The Bentley S2 is a luxury car produced by Bentley from 1959 until 1962. The successor to the S1, it featured the new Rolls-Royce–Bentley L-series V8 engine and improved air conditioning made possible by that engine's increased output. Power steering was also standard, and a new dashboard and steering wheel were introduced. Some early S2s were built with the earlier S1 dashboard.

A high-performance S2-derived Continental edition was also produced.

1,863 standard and 57 long-wheelbase S2 car chassis were built between 1959 and 1962. Almost all were fitted with standard factory bodywork.
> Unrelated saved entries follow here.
lemma sums_mult_sinh_plus_sin:
  "(\<lambda>n. sinh_plus_sin_coeff n * t^(n+1)) sums (t * (sinh t + sin t))"
proof -
  have "(\<lambda>n. (if even n then 0 else t ^ n /\<^sub>R fact n) + sin_coeff n *\<^sub>R t^n) sums (sinh t + sin t)"
    by (intro sums_add sinh_converges sin_converges)
  from sums_mult[OF this, of t] show ?thesis
    by (rule sums_cong[THEN iffD1, rotated])
       (auto simp: sinh_plus_sin_coeff_def field_simps)
qed

lemma sums_cosh_minus_cos:
  "(\<lambda>n. sinh_plus_sin_coeff n / (n+1) * t^(n+1)) sums (cosh t - cos t)"
proof -
  have "(\<lambda>n. (if even n then t ^ n /\<^sub>R fact n else 0) - cos_coeff n *\<^sub>R t^n) sums (cosh t - cos t)"
    by (intro sums_diff cosh_converges cos_converges)
  hence "(\<lambda>n. (if even (Suc n) then t ^ (Suc n) /\<^sub>R fact (Suc n) else 0)
      - cos_coeff (Suc n) *\<^sub>R t^(Suc n)) sums (cosh t - cos t)"
    by (subst sums_Suc_iff) (simp add: cos_coeff_def)
  moreover have "(if even (Suc n) then t ^ (Suc n) /\<^sub>R fact (Suc n) else 0)
      - cos_coeff (Suc n) *\<^sub>R t^(Suc n) = sinh_plus_sin_coeff n / (n+1) * t^(n+1)" for n
  proof (cases "even n")
    case True
    thus ?thesis by (simp add: cos_coeff_Suc sinh_plus_sin_coeff_def sin_coeff_def)
  next
    case False
    thus ?thesis
      by (simp add: cos_coeff_Suc sinh_plus_sin_coeff_def divide_simps) (simp add: algebra_simps)
  qed
  ultimately show ?thesis by simp
qed

lemma sinh_plus_sin_div_cosh_minus_cos_mono:
  assumes "0 < x" "x \<le> y"
  shows "x * (sinh x + sin x) / (cosh x - cos x) \<le> y * (sinh y + sin y) / (cosh (y::real) - cos y)"
proof -
  have "x * (sinh x + sin x) * (cosh y - cos y) \<le> y * (sinh y + sin y) * (cosh x - cos x)"
    by (rule power_series_cross_le[OF sinh_plus_sin_coeff_nonneg _ _
          sums_mult_sinh_plus_sin sums_cosh_minus_cos]) (use assms in auto)
  moreover have "cosh x - cos x > 0" "cosh y - cos y > 0"
    using cosh_minus_cos_gt_square[of x] cosh_minus_cos_gt_square[of y] assms
    by (smt (verit) zero_le_power2)+
  ultimately show ?thesis by (simp add: divide_simps)
qed

section \<open>The modified Bessel functions \<open>I\<^sub>m\<close>\<close>

definition I0_term :: "real \<Rightarrow> nat \<Rightarrow> real" where
  "I0_term x n = (x / 2) ^ (2 * n) / (fact n)\<^sup>2"

definition bessel_I0 :: "real \<Rightarrow> real" where
  "bessel_I0 x = (\<Sum>n. I0_term x n)"

lemma I0_term_nonneg: "I0_term x n \<ge> 0"
  unfolding I0_term_def by (simp add: power_mult)

lemma summable_I0_term: "summable (I0_term x)"
proof (rule summable_comparison_test[OF _ summable_exp[of "(x / 2)\<^sup>2"]])
  show "\<exists>N. \<forall>n\<ge>N. norm (I0_term x n) \<le> inverse (fact n) * ((x / 2)\<^sup>2) ^ n"
  proof (intro exI allI impI)
    fix n :: nat
    have "I0_term x n = ((x / 2)\<^sup>2) ^ n / (fact n * fact n)"
      unfolding I0_term_def by (simp add: power_mult power2_eq_square)
    also have "\<dots> \<le> ((x / 2)\<^sup>2) ^ n / fact n"
      by (intro divide_left_mono) (auto simp: power_mult)
    finally show "norm (I0_term x n) \<le> inverse (fact n) * ((x / 2)\<^sup>2) ^ n"
      using I0_term_nonneg[of x n] by (simp add: field_simps)
  qed
qed

lemma besselI_0_of_real: "besselI 0 (of_real x) = of_real (bessel_I0 x)"
proof -
  have "of_real (bessel_I0 x) = (\<Sum>n. complex_of_real (I0_term x n))"
    unfolding bessel_I0_def by (rule suminf_of_real[OF summable_I0_term])
  thus ?thesis
    unfolding besselI_def I0_term_def by (simp add: power_divide power_mult power2_eq_square)
qed

lemma suminf_I0_term_shift_le: "(\<Sum>k. I0_term x (k + j)) \<le> bessel_I0 x"
proof -
  have "(\<Sum>k. I0_term x (k + j)) = bessel_I0 x - (\<Sum>i<j. I0_term x i)"
    unfolding bessel_I0_def by (rule suminf_minus_initial_segment[OF summable_I0_term])
  moreover have "(\<Sum>i<j. I0_term x i) \<ge> 0" by (intro sum_nonneg I0_term_nonneg)
  ultimately show ?thesis by linarith
qed

lemma fact_add_mult_le:
  assumes "i \<le> j"
  shows "fact (i + d) * fact j \<le> (fact i * fact (j + d) :: nat)"
proof (induction d)
  case 0 thus ?case by simp
next
  case (Suc d)
  have "fact (i + Suc d) * fact j = (i + d + 1) * (fact (i + d) * fact j)"
    by (simp add: algebra_simps)
  also have "\<dots> \<le> (i + d + 1) * (fact i * fact (j + d))"
    using Suc.IH by (intro mult_left_mono) auto
  also have "\<dots> \<le> (j + d + 1) * (fact i * fact (j + d))"
    using assms by (intro mult_right_mono) auto
  also have "\<dots> = fact i * fact (j + Suc d)"
    by (simp add: algebra_simps)
  finally show ?case .
qed

text \<open>
  Splitting \<open>2k + m = a + b\<close> with \<open>a = k + \<lfloor>m/2\<rfloor>\<close>, \<open>b = k + \<lceil>m/2\<rceil>\<close>, the \<open>k\<close>-th term of
  \<open>I\<^sub>m(z)\<close> is at most \<open>(q\<^sup>a/a!) (q\<^sup>b/b!)\<close> with \<open>q = |z|/2\<close>, and AM-GM bounds this by the mean
  of two terms of the series of \<open>I\<^sub>0(|z|)\<close>.
\<close>
lemma norm_besselI_term_le:
  fixes z :: complex
  shows "norm ((z / 2) ^ (2 * k + m) / of_nat (fact k * fact (k + m)))
     \<le> (I0_term (norm z) (k + m div 2) + I0_term (norm z) (k + (m - m div 2))) / 2"
proof -
  define a where "a = k + m div 2"
  define b where "b = k + (m - m div 2)"
  define q where "q = norm z / 2"
  have ab: "a + b = 2 * k + m" unfolding a_def b_def by simp
  have "fact a * fact b \<le> (fact k * fact (k + m) :: nat)"
    using fact_add_mult_le[of k "k + (m - m div 2)" "m div 2"] unfolding a_def b_def
    by (simp add: add.assoc)
  hence fact_le: "real (fact a * fact b) \<le> real (fact k * fact (k + m))" by linarith
  have "norm ((z / 2) ^ (2 * k + m) / of_nat (fact k * fact (k + m)))
      = q ^ (a + b) / real (fact k * fact (k + m))"
    unfolding q_def ab norm_divide norm_of_nat norm_power by simp
  also have "\<dots> \<le> q ^ (a + b) / real (fact a * fact b)"
    using fact_le unfolding q_def by (intro divide_left_mono) auto
  also have "\<dots> = (q^a / fact a) * (q^b / fact b)"
    by (simp add: power_add)
  also have "\<dots> \<le> ((q^a / fact a)\<^sup>2 + (q^b / fact b)\<^sup>2) / 2"
    using sum_squares_bound[of "q^a / fact a" "q^b / fact b"] by (simp add: mult_ac)
  also have "\<dots> = (I0_term (norm z) a + I0_term (norm z) b) / 2"
    unfolding I0_term_def q_def
    by (simp add: power_divide power_mult power2_eq_square[symmetric] mult.commute
        power_mult_distrib)
  finally show ?thesis unfolding a_def b_def .
qed

lemma norm_besselI_le: "norm (besselI m z) \<le> bessel_I0 (norm z)"
proof -
  let ?t = "\<lambda>k. (z / 2) ^ (2 * k + m) / of_nat (fact k * fact (k + m))"
  let ?f = "\<lambda>k. I0_term (norm z) (k + m div 2)" and ?g = "\<lambda>k. I0_term (norm z) (k + (m - m div 2))"
  have sums: "summable ?f" "summable ?g"
    using summable_I0_term summable_ignore_initial_segment by blast+
  have "norm (besselI m z) \<le> (\<Sum>k. (?f k + ?g k) / 2)"
    unfolding besselI_def
    by (rule norm_suminf_le[OF norm_besselI_term_le]) (intro summable_divide summable_add sums)
  also have "\<dots> = ((\<Sum>k. ?f k) + (\<Sum>k. ?g k)) / 2"
    using suminf_divide[OF summable_add[OF sums]] suminf_add[OF sums] by simp
  also have "\<dots> \<le> bessel_I0 (norm z)"
    using suminf_I0_term_shift_le[of "norm z" "m div 2"]
      suminf_I0_term_shift_le[of "norm z" "m - m div 2"] by simp
  finally show ?thesis .
qed

lemma bessel_I0_mono:
  assumes "0 \<le> x" "x \<le> y" shows "bessel_I0 x \<le> bessel_I0 y"
  unfolding bessel_I0_def
proof (rule suminf_le[OF _ summable_I0_term summable_I0_term])
  show "I0_term x n \<le> I0_term y n" for n
    unfolding I0_term_def using assms by (intro divide_right_mono power_mono) auto
qed

lemma one_le_bessel_I0: "1 \<le> bessel_I0 x"
proof -
  have "(\<Sum>n<1. I0_term x n) \<le> bessel_I0 x"
    unfolding bessel_I0_def by (rule sum_le_suminf[OF summable_I0_term]) (auto simp: I0_term_nonneg)
  thus ?thesis by (simp add: I0_term_def)
qed

lemma sum_power2_le_power2_sum:
  fixes a :: "nat \<Rightarrow> real"
  assumes "\<And>n. a n \<ge> 0"
  shows "(\<Sum>n<N. (a n)\<^sup>2) \<le> (\<Sum>n<N. a n)\<^sup>2"
proof (induction N)
  case 0 thus ?case by simp
next
  case (Suc N)
  have "(\<Sum>n<N. a n) \<ge> 0" using assms by (intro sum_nonneg) auto
  hence "(\<Sum>n<N. a n)\<^sup>2 + (a N)\<^sup>2 \<le> ((\<Sum>n<N. a n) + a N)\<^sup>2"
    using assms[of N] by (simp add: power2_eq_square algebra_simps)
  thus ?case using Suc by simp
qed

text \<open>\<open>I\<^sub>0(x) = \<Sum> ((x/2)\<^sup>n / n!)\<^sup>2 \<le> (\<Sum> (x/2)\<^sup>n / n!)\<^sup>2 = e\<^sup>x\<close>.\<close>
lemma bessel_I0_le_exp:
  assumes "x \<ge> 0" shows "bessel_I0 x \<le> exp x"
  unfolding bessel_I0_def
proof (rule suminf_le_const[OF summable_I0_term])
  fix N
  let ?a = "\<lambda>n. (x / 2) ^ n / fact n"
  have sums: "?a sums exp (x / 2)"
    using exp_converges[of "x / 2"] by (simp only: real_scaleR_def divide_inverse_commute)
  have "(\<Sum>n<N. ?a n) \<le> exp (x / 2)"
    unfolding sums_unique[OF sums]
    by (rule sum_le_suminf[OF sums_summable[OF sums]]) (use assms in auto)
  moreover have "(\<Sum>n<N. I0_term x n) = (\<Sum>n<N. (?a n)\<^sup>2)"
    unfolding I0_term_def by (simp add: power_divide power_mult mult.commute power_mult_distrib)
  moreover have "(\<Sum>n<N. (?a n)\<^sup>2) \<le> (\<Sum>n<N. ?a n)\<^sup>2"
    by (rule sum_power2_le_power2_sum) (use assms in auto)
  moreover have "(\<Sum>n<N. ?a n)\<^sup>2 \<le> (exp (x / 2))\<^sup>2"
    using assms calculation(1) by (intro power_mono sum_nonneg) auto
  moreover have "(exp (x / 2))\<^sup>2 = exp x"
    by (simp add: power2_eq_square exp_add[symmetric])
  ultimately show "(\<Sum>n<N. I0_term x n) \<le> exp x" by linarith
qed

section \<open>Hyperbolic functions on the diagonal \<open>b (1 + \<i>)\<close>\<close>

definition diag :: "real \<Rightarrow> complex" where
  "diag b = of_real b * (1 + \<i>)"

lemma csqrt_i_mult:
  assumes "t \<ge> 0" shows "csqrt (\<i> * of_real t) = diag (sqrt (t / 2))"
  unfolding diag_def
proof (rule csqrt_unique)
  have "sqrt (t / 2) * sqrt (t / 2) = t / 2" using assms by simp
  thus "(of_real (sqrt (t / 2)) * (1 + \<i>))\<^sup>2 = \<i> * of_real t"
    by (simp add: complex_eq_iff power2_eq_square)
qed (use assms in auto)

lemma norm_diag: "b \<ge> 0 \<Longrightarrow> norm (diag b) = sqrt 2 * b"
  by (simp add: diag_def norm_mult cmod_def real_sqrt_mult)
A number had coachbuilt bodies by Park Ward, Hooper, H. J. Mulliner & Co., and James Young.

S2
Announced at the beginning of October 1959 the S2 replaced the S1's straight-six engine with the new aluminium Rolls-Royce - Bentley L Series V8 shared with the Rolls-Royce Silver Cloud II.  It displaced 6.2 L (6230 cc, or 380 cu in), and offered significantly improved performance.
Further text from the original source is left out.